About this task >>
In the listing that follows, copy out each line that includes the word "define".

Material for this exercise >>
(* Let $p$ be a prime with $p\equiv1\pmod 3$, $f=\frac{p-1}{3}$, $G\cong C_p$ with generator $a$, and $l$ a primitive root modulo $p$. For $i\in\{1,2,3\}$ let $X_i=\{a^{l^{3j+(i-1)}}:j=0,\dots,f-1\}$, and for $i,j,k\in\{1,2,3\}$ let $c_{ij}^k$ be the number of pairs $(x,y)\in X_i\times X_j$ with $xy=z$, for a fixed $z\in X_k$ (this number does not depend on $z$). For $i\in\{1,2\}$ let $T_i=\{c_{11}^1+2(i-1),c_{11}^2,c_{11}^3\}$. Then $|T_i|\in\{2,3\}$, and $|T_i|=2$ if and only if $p=t^2+3i^2$ for some integer $t$. *)

theory Defs
  imports "HOL-Algebra.Group" "HOL-Number_Theory.Residue_Primitive_Roots"
begin

definition cyc_class :: "('g, 'b) monoid_scheme \<Rightarrow> 'g \<Rightarrow> nat \<Rightarrow> nat \<Rightarrow> nat \<Rightarrow> 'g set" where
  "cyc_class G a l p i = {a [^]\<^bsub>G\<^esub> (l ^ (3 * j + (i - 1))) | j. j < (p - 1) div 3}"

definition cyc_count :: "('g, 'b) monoid_scheme \<Rightarrow> 'g \<Rightarrow> nat \<Rightarrow> nat \<Rightarrow> nat \<Rightarrow> nat \<Rightarrow> 'g \<Rightarrow> nat" where
  "cyc_count G a l p i j z =
     card {(x, y). x \<in> cyc_class G a l p i \<and> y \<in> cyc_class G a l p j \<and> x \<otimes>\<^bsub>G\<^esub> y = z}"

end

theory Submission
  imports Defs "HOL-Algebra.Multiplicative_Group"
begin

text \<open>
  Sending \<open>n\<close> to \<open>a\<^sup>n\<close> identifies \<open>G\<close> with \<open>\<int>/p\<close>, the classes \<open>X\<^sub>1, X\<^sub>2, X\<^sub>3\<close>
  with the cosets \<open>C\<^sub>0, C\<^sub>1, C\<^sub>2\<close> of the cubes in \<open>(\<int>/p)\<^sup>*\<close>, and \<open>c\<^sub>1\<^sub>1\<^sup>k\<close> with the
  cyclotomic number \<open>(1-k, 1-k)\<close> of order 3.  These nine numbers take only four values
  \<open>A = (0,0)\<close>, \<open>B = (0,1) = (2,2)\<close>, \<open>C = (0,2) = (1,1)\<close>, \<open>D = (1,2)\<close>, related by
  \<open>A + B + C + 1 = f = B + C + D\<close> and, counting the solutions of \<open>x + y + z = w\<close> with
  \<open>x, y \<in> C\<^sub>0\<close>, \<open>z \<in> C\<^sub>1\<close> for a fixed \<open>w \<in> C\<^sub>2\<close> once by the class of \<open>w - z\<close> and once by
  that of \<open>w - x\<close>, by \<open>AD + B\<^sup>2 + C\<^sup>2 = BC + CD + DB\<close>.  Hence \<open>4p = u\<^sup>2 + 3v\<^sup>2\<close> with
  \<open>u = 9A - p + 8 \<equiv> 1\<close> and \<open>v = 3(B - C) \<equiv> 0 (mod 3)\<close>, and \<open>B \<noteq> C\<close>.  If \<open>p = t\<^sup>2 + 3s\<^sup>2\<close>,
  every such representation arises from \<open>t \<plusminus> s\<surd>-3\<close> by one of the six units of \<open>\<int>[\<omega>]\<close>,
  and the congruences on \<open>u\<close> and \<open>v\<close> pin down the unit.  So \<open>p = t\<^sup>2 + 3i\<^sup>2\<close> exactly when
  \<open>u \<mp> v = 16 - 12i\<close>, i.e. when \<open>A + 2(i - 1)\<close> equals \<open>B\<close> or \<open>C\<close>.
\<close>

lemma four_times_prime_neq_square:
  fixes P u :: int
  assumes "prime P"
  shows "4 * P \<noteq> u\<^sup>2"
proof
  assume sq: "4 * P = u\<^sup>2"
  then have "even u" by (metis dvd_mult2 even_numeral even_power)
  then obtain w where "u = 2 * w" by blast
  with sq have "P = w\<^sup>2" by (simp add: power_mult_distrib)
  with assms show False by (simp add: prime_power_iff)
qed

lemma sq_plus_three_sq_eq_four_sqE:
  fixes X Y Q :: int
  assumes sum: "X\<^sup>2 + 3 * Y\<^sup>2 = 4 * Q\<^sup>2" and "Q dvd Y" and "Q \<noteq> 0"
  obtains e k where "e\<^sup>2 + 3 * k\<^sup>2 = 4" "X = Q * e" "Y = Q * k"
proof -
  obtain k where Y: "Y = Q * k" using \<open>Q dvd Y\<close> by (elim dvdE)
  with sum have X_sq: "X\<^sup>2 = Q\<^sup>2 * (4 - 3 * k\<^sup>2)" by (simp add: algebra_simps)
  then have "Q dvd X" by (metis dvd_triv_left pow_divides_pow_iff zero_less_numeral)
  then obtain e where X: "X = Q * e" by (elim dvdE)
  with X_sq have "Q\<^sup>2 * (e\<^sup>2 + 3 * k\<^sup>2) = Q\<^sup>2 * 4" by (simp add: algebra_simps)
  with \<open>Q \<noteq> 0\<close> have "e\<^sup>2 + 3 * k\<^sup>2 = 4" by simp
  with X Y show ?thesis by (intro that)
qed

lemma sq_plus_three_sq_eq_four_cases:
  fixes e k :: int
  assumes "e\<^sup>2 + 3 * k\<^sup>2 = 4"
  shows "(e = 2 \<or> e = -2) \<and> k = 0 \<or> (e = 1 \<or> e = -1) \<and> (k = 1 \<or> k = -1)"
proof -
  have "0 \<le> e\<^sup>2" by simp
  with assms have "k\<^sup>2 < 2" by linarith
  then have "k\<^sup>2 \<le> 1\<^sup>2" by simp
  then have "\<bar>k\<bar> \<le> 1" using abs_le_square_iff[of k 1] by simp
  then consider "k = 0" | "k = 1 \<or> k = -1" by linarith
  then show ?thesis
  proof cases
    case 1
    with assms have "e\<^sup>2 = 2\<^sup>2" by simp
    with 1 show ?thesis using power2_eq_iff[of e 2] by simp
  next
    case 2
    with assms have "e\<^sup>2 = 1" by auto
    with 2 show ?thesis by (simp add: power2_eq_1_iff)
  qed
qed

text \<open>In \<open>\<int>[\<omega>]\<close>: \<open>(u + v\<surd>-3)/2 = \<epsilon> (t + \<sigma>\<surd>-3)\<close> for a unit \<open>\<epsilon> = (e + k\<surd>-3)/2\<close>.\<close>

lemma norm_form_associate:
  fixes P t s u v :: int
  assumes "prime P" and P: "P = t\<^sup>2 + 3 * s\<^sup>2" and P4: "4 * P = u\<^sup>2 + 3 * v\<^sup>2"
  obtains \<sigma> e k where "\<sigma> = s \<or> \<sigma> = -s" "e\<^sup>2 + 3 * k\<^sup>2 = 4"
    "u = e * t - 3 * k * \<sigma>" "v = e * \<sigma> + k * t"
proof -
  have t_sq: "t\<^sup>2 = P - 3 * s\<^sup>2" and u_sq: "u\<^sup>2 = 4 * P - 3 * v\<^sup>2" using P P4 by simp_all
  have "(t * v - s * u) * (t * v + s * u) = t\<^sup>2 * v\<^sup>2 - s\<^sup>2 * u\<^sup>2"
    by (simp add: power2_eq_square algebra_simps)
  also have "\<dots> = P * (v\<^sup>2 - 4 * s\<^sup>2)"
    unfolding t_sq u_sq by (simp add: algebra_simps)
  finally have "P dvd (t * v - s * u) * (t * v - (- s) * u)" by simp
  then have "P dvd t * v - s * u \<or> P dvd t * v - (- s) * u"
    using \<open>prime P\<close> by (simp only: prime_dvd_mult_iff)
  then obtain \<sigma> where \<sigma>: "\<sigma> = s \<or> \<sigma> = -s" and dvd: "P dvd t * v - \<sigma> * u" by blast
  have P\<sigma>: "t\<^sup>2 + 3 * \<sigma>\<^sup>2 = P" using P \<sigma> by auto
  define X Y where "X = t * u + 3 * \<sigma> * v" and "Y = t * v - \<sigma> * u"
  have "X\<^sup>2 + 3 * Y\<^sup>2 = (t\<^sup>2 + 3 * \<sigma>\<^sup>2) * (u\<^sup>2 + 3 * v\<^sup>2)"
    unfolding X_def Y_def by (simp add: power2_eq_square algebra_simps)
  also have "\<dots> = 4 * P\<^sup>2" unfolding P\<sigma> P4[symmetric] by (simp add: power2_eq_square)
  finally have "X\<^sup>2 + 3 * Y\<^sup>2 = 4 * P\<^sup>2" .
  moreover have "P \<noteq> 0" using \<open>prime P\<close> by simp
  ultimately obtain e k where ek: "e\<^sup>2 + 3 * k\<^sup>2 = 4" "X = P * e" "Y = P * k"
    using sq_plus_three_sq_eq_four_sqE dvd unfolding Y_def by metis
  have "P * u = t * X - 3 * \<sigma> * Y"
    unfolding X_def Y_def P\<sigma>[symmetric] by (simp add: power2_eq_square algebra_simps)
  also have "\<dots> = P * (e * t - 3 * k * \<sigma>)" using ek by (simp add: algebra_simps)
  finally have u: "u = e * t - 3 * k * \<sigma>" using \<open>P \<noteq> 0\<close> by simp
  have "P * v = \<sigma> * X + t * Y"
    unfolding X_def Y_def P\<sigma>[symmetric] by (simp add: power2_eq_square algebra_simps)
  also have "\<dots> = P * (e * \<sigma> + k * t)" using ek by (simp add: algebra_simps)
  finally have "v = e * \<sigma> + k * t" using \<open>P \<noteq> 0\<close> by simp
  with \<sigma> ek(1) u show ?thesis by (rule that)
qed

lemma prime_eq_sq_plus_three_sq_iff:
  fixes P u v n :: int
  assumes "prime P" and P4: "4 * P = u\<^sup>2 + 3 * v\<^sup>2"
    and u: "[u = 1] (mod 3)" and v: "[v = 0] (mod 3)" and n: "[n = 1] (mod 3)"
  shows "(\<exists>t. P = t\<^sup>2 + 3 * n\<^sup>2) \<longleftrightarrow> u - v = 4 * n \<or> u + v = 4 * n"
proof
  assume "\<exists>t. P = t\<^sup>2 + 3 * n\<^sup>2"
  then obtain t where t: "P = t\<^sup>2 + 3 * n\<^sup>2" by blast
  obtain \<sigma> e k where \<sigma>: "\<sigma> = n \<or> \<sigma> = -n" and ek: "e\<^sup>2 + 3 * k\<^sup>2 = 4"
    and uv: "u = e * t - 3 * k * \<sigma>" "v = e * \<sigma> + k * t"
    by (rule norm_form_associate[OF \<open>prime P\<close> t P4])
  have "k \<noteq> 0"
  proof
    assume "k = 0"
    with sq_plus_three_sq_eq_four_cases[OF ek] have "e = 2 \<or> e = -2" by simp
    with \<open>k = 0\<close> \<sigma> uv have "v = 2 * n \<or> v = - 2 * n" by auto
    with v n show False by (auto simp: cong_def) presburger+
  qed
  with sq_plus_three_sq_eq_four_cases[OF ek] have e: "e = 1 \<or> e = -1" and k: "k = 1 \<or> k = -1"
    by simp_all
  define c m where "c = e * k" and "m = - k * \<sigma>"
  have c: "c = 1 \<or> c = -1" and m: "m = n \<or> m = -n" using e k \<sigma> unfolding c_def m_def by auto
  have d: "u - c * v = 4 * m" using e k unfolding uv c_def m_def by (elim disjE) simp_all
  have "[4 * m = 1 - c * 0] (mod 3)"
    unfolding d[symmetric] using u v by (intro cong_diff cong_mult cong_refl)
  then have "[m = 1] (mod 3)" by (simp add: cong_def) presburger
  with n have "m \<noteq> - n" by (auto simp: cong_def) presburger
  with m d c show "u - v = 4 * n \<or> u + v = 4 * n" by auto
next
  assume "u - v = 4 * n \<or> u + v = 4 * n"
  then have "P = (v + n)\<^sup>2 + 3 * n\<^sup>2 \<or> P = (v - n)\<^sup>2 + 3 * n\<^sup>2"
  proof
    assume "u - v = 4 * n"
    then have "u = v + 4 * n" by simp
    with P4 have "4 * P = 4 * ((v + n)\<^sup>2 + 3 * n\<^sup>2)" by (simp add: power2_eq_square algebra_simps)
    then show ?thesis by simp
  next
    assume "u + v = 4 * n"
    then have "u = 4 * n - v" by simp
    with P4 have "4 * P = 4 * ((v - n)\<^sup>2 + 3 * n\<^sup>2)" by (simp add: power2_eq_square algebra_simps)
    then show ?thesis by simp
  qed
  then show "\<exists>t. P = t\<^sup>2 + 3 * n\<^sup>2" by blast
qed

lemma card_shifted_triple:
  fixes A B C i :: nat
  assumes "prime p" and p: "p = 3 * (A + B + C) + 4"
    and norm: "4 * int p = (9 * int A - int p + 8)\<^sup>2 + 27 * (int B - int C)\<^sup>2" and i: "i \<in> {1, 2}"
  shows "card {A + 2 * (i - 1), B, C} \<in> {2, 3} \<and>
    (card {A + 2 * (i - 1), B, C} = 2 \<longleftrightarrow> (\<exists>t::int. int p = t\<^sup>2 + 3 * (int i)\<^sup>2))"
proof -
  \<comment> \<open>\<open>n\<close> is the integer with \<open>n \<equiv> 1 (mod 3)\<close> and \<open>n\<^sup>2 = i\<^sup>2\<close>\<close>
  define u v n where "u = 9 * int A - int p + 8" and "v = 3 * (int B - int C)" and "n = 4 - 3 * int i"
  have "v\<^sup>2 = 9 * (int B - int C)\<^sup>2" unfolding v_def by (simp only: power_mult_distrib) simp
  with norm have uv: "4 * int p = u\<^sup>2 + 3 * v\<^sup>2" unfolding u_def by simp
  have "prime (int p)" using \<open>prime p\<close> by simp
  have "B \<noteq> C"
  proof
    assume "B = C"
    with uv have "4 * int p = u\<^sup>2" by (simp add: v_def)
    with four_times_prime_neq_square[OF \<open>prime (int p)\<close>] show False by blast
  qed
  then have card: "card {A + 2 * (i - 1), B, C} = (if A + 2 * (i - 1) \<in> {B, C} then 2 else 3)"
    by (auto simp: card_insert_if)
  have shift: "A + 2 * (i - 1) \<in> {B, C} \<longleftrightarrow> u - v = 4 * n \<or> u + v = 4 * n"
    using p i unfolding u_def v_def n_def by auto
  have "[u = 1] (mod 3)" "[v = 0] (mod 3)" "[n = 1] (mod 3)"
    using p unfolding u_def v_def n_def cong_def by presburger+
  with \<open>prime (int p)\<close> uv have "(\<exists>t. int p = t\<^sup>2 + 3 * n\<^sup>2) \<longleftrightarrow> u - v = 4 * n \<or> u + v = 4 * n"
    by (rule prime_eq_sq_plus_three_sq_iff)
  moreover have "n\<^sup>2 = (int i)\<^sup>2" using i unfolding n_def by auto
  ultimately show ?thesis using card shift by auto
qed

Written answer >>
  define X Y where "X = t * u + 3 * \<sigma> * v" and "Y = t * v - \<sigma> * u"
  define c m where "c = e * k" and "m = - k * \<sigma>"
  define u v n where "u = 9 * int A - int p + 8" and "v = 3 * (int B - int C)" and "n = 4 - 3 * int i"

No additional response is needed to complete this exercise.